[Records for the task]

(* Let $G$ be a finite, simple, connected graph and let $k\ge 0$. If $G$ contains a $k$-supported cycle, then $\sigma(G)\ge k$.
   Context: For a spanning tree $T$ of $G$, $\mathrm{Stretch}(G:T)=\max_{uv\in E(G)} d_T(u,v)$, and the stretch of $G$ is $\sigma(G)=\min_T \mathrm{Stretch}(G:T)$, the minimum over all spanning trees $T$ of $G$; $d_G,d_T$ denote graph distances. A cycle $C$ in $G$ is called $k$-supported (for a real number $k$) if $C$ can be partitioned into three edge-disjoint paths $I_1,I_2,I_3$, with $I_1\cap I_2$, $I_2\cap I_3$ and $I_3\cap I_1$ each consisting of exactly one vertex, such that for every triple of vertices $(u_1,u_2,u_3)$ with $u_i\in V(I_i)$ for $i=1,2,3$ we have $\max_{i,j\in\{1,2,3\}} d_G(u_i,u_j)\ge k$. *)

theory Defs
  imports Main "HOL-Library.Extended_Real"
begin

definition simple_graph :: "'a set \<Rightarrow> 'a set set \<Rightarrow> bool" where
  "simple_graph V E \<longleftrightarrow> finite V \<and>
     (\<forall>e\<in>E. \<exists>u v. e = {u, v} \<and> u \<noteq> v \<and> u \<in> V \<and> v \<in> V)"

definition walk :: "'a set \<Rightarrow> 'a set set \<Rightarrow> 'a list \<Rightarrow> bool" where
  "walk V E p \<longleftrightarrow> p \<noteq> [] \<and> set p \<subseteq> V \<and>
     (\<forall>i. Suc i < length p \<longrightarrow> {p ! i, p ! Suc i} \<in> E)"

definition connected_graph :: "'a set \<Rightarrow> 'a set set \<Rightarrow> bool" where
  "connected_graph V E \<longleftrightarrow> (\<forall>u\<in>V. \<forall>v\<in>V.
     \<exists>p. walk V E p \<and> hd p = u \<and> last p = v)"

text \<open>Graph distance: least number of edges of a walk from u to v
  (used only for connected graphs, where it exists).\<close>

definition gdist :: "'a set \<Rightarrow> 'a set set \<Rightarrow> 'a \<Rightarrow> 'a \<Rightarrow> nat" where
  "gdist V E u v = (LEAST n. \<exists>p. walk V E p \<and> hd p = u \<and> last p = v \<and> length p = Suc n)"

definition is_cycle :: "'a set \<Rightarrow> 'a set set \<Rightarrow> 'a list \<Rightarrow> bool" where
  "is_cycle V E c \<longleftrightarrow> length c \<ge> 3 \<and> distinct c \<and> walk V E c \<and> {last c, hd c} \<in> E"

definition is_tree :: "'a set \<Rightarrow> 'a set set \<Rightarrow> bool" where
  "is_tree V T \<longleftrightarrow> connected_graph V T \<and> \<not> (\<exists>c. is_cycle V T c)"

definition spanning_tree :: "'a set \<Rightarrow> 'a set set \<Rightarrow> 'a set set \<Rightarrow> bool" where
  "spanning_tree V E T \<longleftrightarrow> T \<subseteq> E \<and> is_tree V T"

definition stretch :: "'a set \<Rightarrow> 'a set set \<Rightarrow> 'a set set \<Rightarrow> nat" where
  "stretch V E T = Max {gdist V T u v | u v. {u, v} \<in> E}"

definition tree_stretch :: "'a set \<Rightarrow> 'a set set \<Rightarrow> nat" where
  "tree_stretch V E = Min {stretch V E T | T. spanning_tree V E T}"

text \<open>A cycle c = [c_0,...,c_{m-1}] is k-supported if it splits into three
  edge-disjoint arcs I1 = c_0..c_b, I2 = c_b..c_c, I3 = c_c..c_{m-1},c_0
  (0 < b < c < m; every partition of a cycle into three edge-disjoint paths
  pairwise meeting in exactly one vertex is of this form up to rotating the
  cycle list) such that every transversal triple has pairwise G-distance
  maximum at least k.\<close>

definition k_supported :: "'a set \<Rightarrow> 'a set set \<Rightarrow> real \<Rightarrow> 'a list \<Rightarrow> bool" where
  "k_supported V E k cyc \<longleftrightarrow> is_cycle V E cyc \<and>
     (\<exists>b c. 0 < b \<and> b < c \<and> c < length cyc \<and>
        (let I1 = {cyc ! i | i. i \<le> b};
             I2 = {cyc ! i | i. b \<le> i \<and> i \<le> c};
             I3 = {cyc ! i | i. c \<le> i \<and> i < length cyc} \<union> {cyc ! 0}
         in \<forall>u1\<in>I1. \<forall>u2\<in>I2. \<forall>u3\<in>I3.
              max (max (real (gdist V E u1 u2)) (real (gdist V E u2 u3)))
                  (real (gdist V E u1 u3)) \<ge> k))"

end

theory Submission
  imports Defs
begin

[/Records for the task]

- [What you have to do]
All lines above are to be transcribed exactly.

- [Result for this exercise]
(* Let $G$ be a finite, simple, connected graph and let $k\ge 0$. If $G$ contains a $k$-supported cycle, then $\sigma(G)\ge k$.
   Context: For a spanning tree $T$ of $G$, $\mathrm{Stretch}(G:T)=\max_{uv\in E(G)} d_T(u,v)$, and the stretch of $G$ is $\sigma(G)=\min_T \mathrm{Stretch}(G:T)$, the minimum over all spanning trees $T$ of $G$; $d_G,d_T$ denote graph distances. A cycle $C$ in $G$ is called $k$-supported (for a real number $k$) if $C$ can be partitioned into three edge-disjoint paths $I_1,I_2,I_3$, with $I_1\cap I_2$, $I_2\cap I_3$ and $I_3\cap I_1$ each consisting of exactly one vertex, such that for every triple of vertices $(u_1,u_2,u_3)$ with $u_i\in V(I_i)$ for $i=1,2,3$ we have $\max_{i,j\in\{1,2,3\}} d_G(u_i,u_j)\ge k$. *)

theory Defs
  imports Main "HOL-Library.Extended_Real"
begin

definition simple_graph :: "'a set \<Rightarrow> 'a set set \<Rightarrow> bool" where
  "simple_graph V E \<longleftrightarrow> finite V \<and>
     (\<forall>e\<in>E. \<exists>u v. e = {u, v} \<and> u \<noteq> v \<and> u \<in> V \<and> v \<in> V)"

definition walk :: "'a set \<Rightarrow> 'a set set \<Rightarrow> 'a list \<Rightarrow> bool" where
  "walk V E p \<longleftrightarrow> p \<noteq> [] \<and> set p \<subseteq> V \<and>
     (\<forall>i. Suc i < length p \<longrightarrow> {p ! i, p ! Suc i} \<in> E)"

definition connected_graph :: "'a set \<Rightarrow> 'a set set \<Rightarrow> bool" where
  "connected_graph V E \<longleftrightarrow> (\<forall>u\<in>V. \<forall>v\<in>V.
     \<exists>p. walk V E p \<and> hd p = u \<and> last p = v)"

text \<open>Graph distance: least number of edges of a walk from u to v
  (used only for connected graphs, where it exists).\<close>

definition gdist :: "'a set \<Rightarrow> 'a set set \<Rightarrow> 'a \<Rightarrow> 'a \<Rightarrow> nat" where
  "gdist V E u v = (LEAST n. \<exists>p. walk V E p \<and> hd p = u \<and> last p = v \<and> length p = Suc n)"

definition is_cycle :: "'a set \<Rightarrow> 'a set set \<Rightarrow> 'a list \<Rightarrow> bool" where
  "is_cycle V E c \<longleftrightarrow> length c \<ge> 3 \<and> distinct c \<and> walk V E c \<and> {last c, hd c} \<in> E"

definition is_tree :: "'a set \<Rightarrow> 'a set set \<Rightarrow> bool" where
  "is_tree V T \<longleftrightarrow> connected_graph V T \<and> \<not> (\<exists>c. is_cycle V T c)"

definition spanning_tree :: "'a set \<Rightarrow> 'a set set \<Rightarrow> 'a set set \<Rightarrow> bool" where
  "spanning_tree V E T \<longleftrightarrow> T \<subseteq> E \<and> is_tree V T"

definition stretch :: "'a set \<Rightarrow> 'a set set \<Rightarrow> 'a set set \<Rightarrow> nat" where
  "stretch V E T = Max {gdist V T u v | u v. {u, v} \<in> E}"

definition tree_stretch :: "'a set \<Rightarrow> 'a set set \<Rightarrow> nat" where
  "tree_stretch V E = Min {stretch V E T | T. spanning_tree V E T}"

text \<open>A cycle c = [c_0,...,c_{m-1}] is k-supported if it splits into three
  edge-disjoint arcs I1 = c_0..c_b, I2 = c_b..c_c, I3 = c_c..c_{m-1},c_0
  (0 < b < c < m; every partition of a cycle into three edge-disjoint paths
  pairwise meeting in exactly one vertex is of this form up to rotating the
  cycle list) such that every transversal triple has pairwise G-distance
  maximum at least k.\<close>

definition k_supported :: "'a set \<Rightarrow> 'a set set \<Rightarrow> real \<Rightarrow> 'a list \<Rightarrow> bool" where
  "k_supported V E k cyc \<longleftrightarrow> is_cycle V E cyc \<and>
     (\<exists>b c. 0 < b \<and> b < c \<and> c < length cyc \<and>
        (let I1 = {cyc ! i | i. i \<le> b};
             I2 = {cyc ! i | i. b \<le> i \<and> i \<le> c};
             I3 = {cyc ! i | i. c \<le> i \<and> i < length cyc} \<union> {cyc ! 0}
         in \<forall>u1\<in>I1. \<forall>u2\<in>I2. \<forall>u3\<in>I3.
              max (max (real (gdist V E u1 u2)) (real (gdist V E u2 u3)))
                  (real (gdist V E u1 u3)) \<ge> k))"

end

theory Submission
  imports Defs
begin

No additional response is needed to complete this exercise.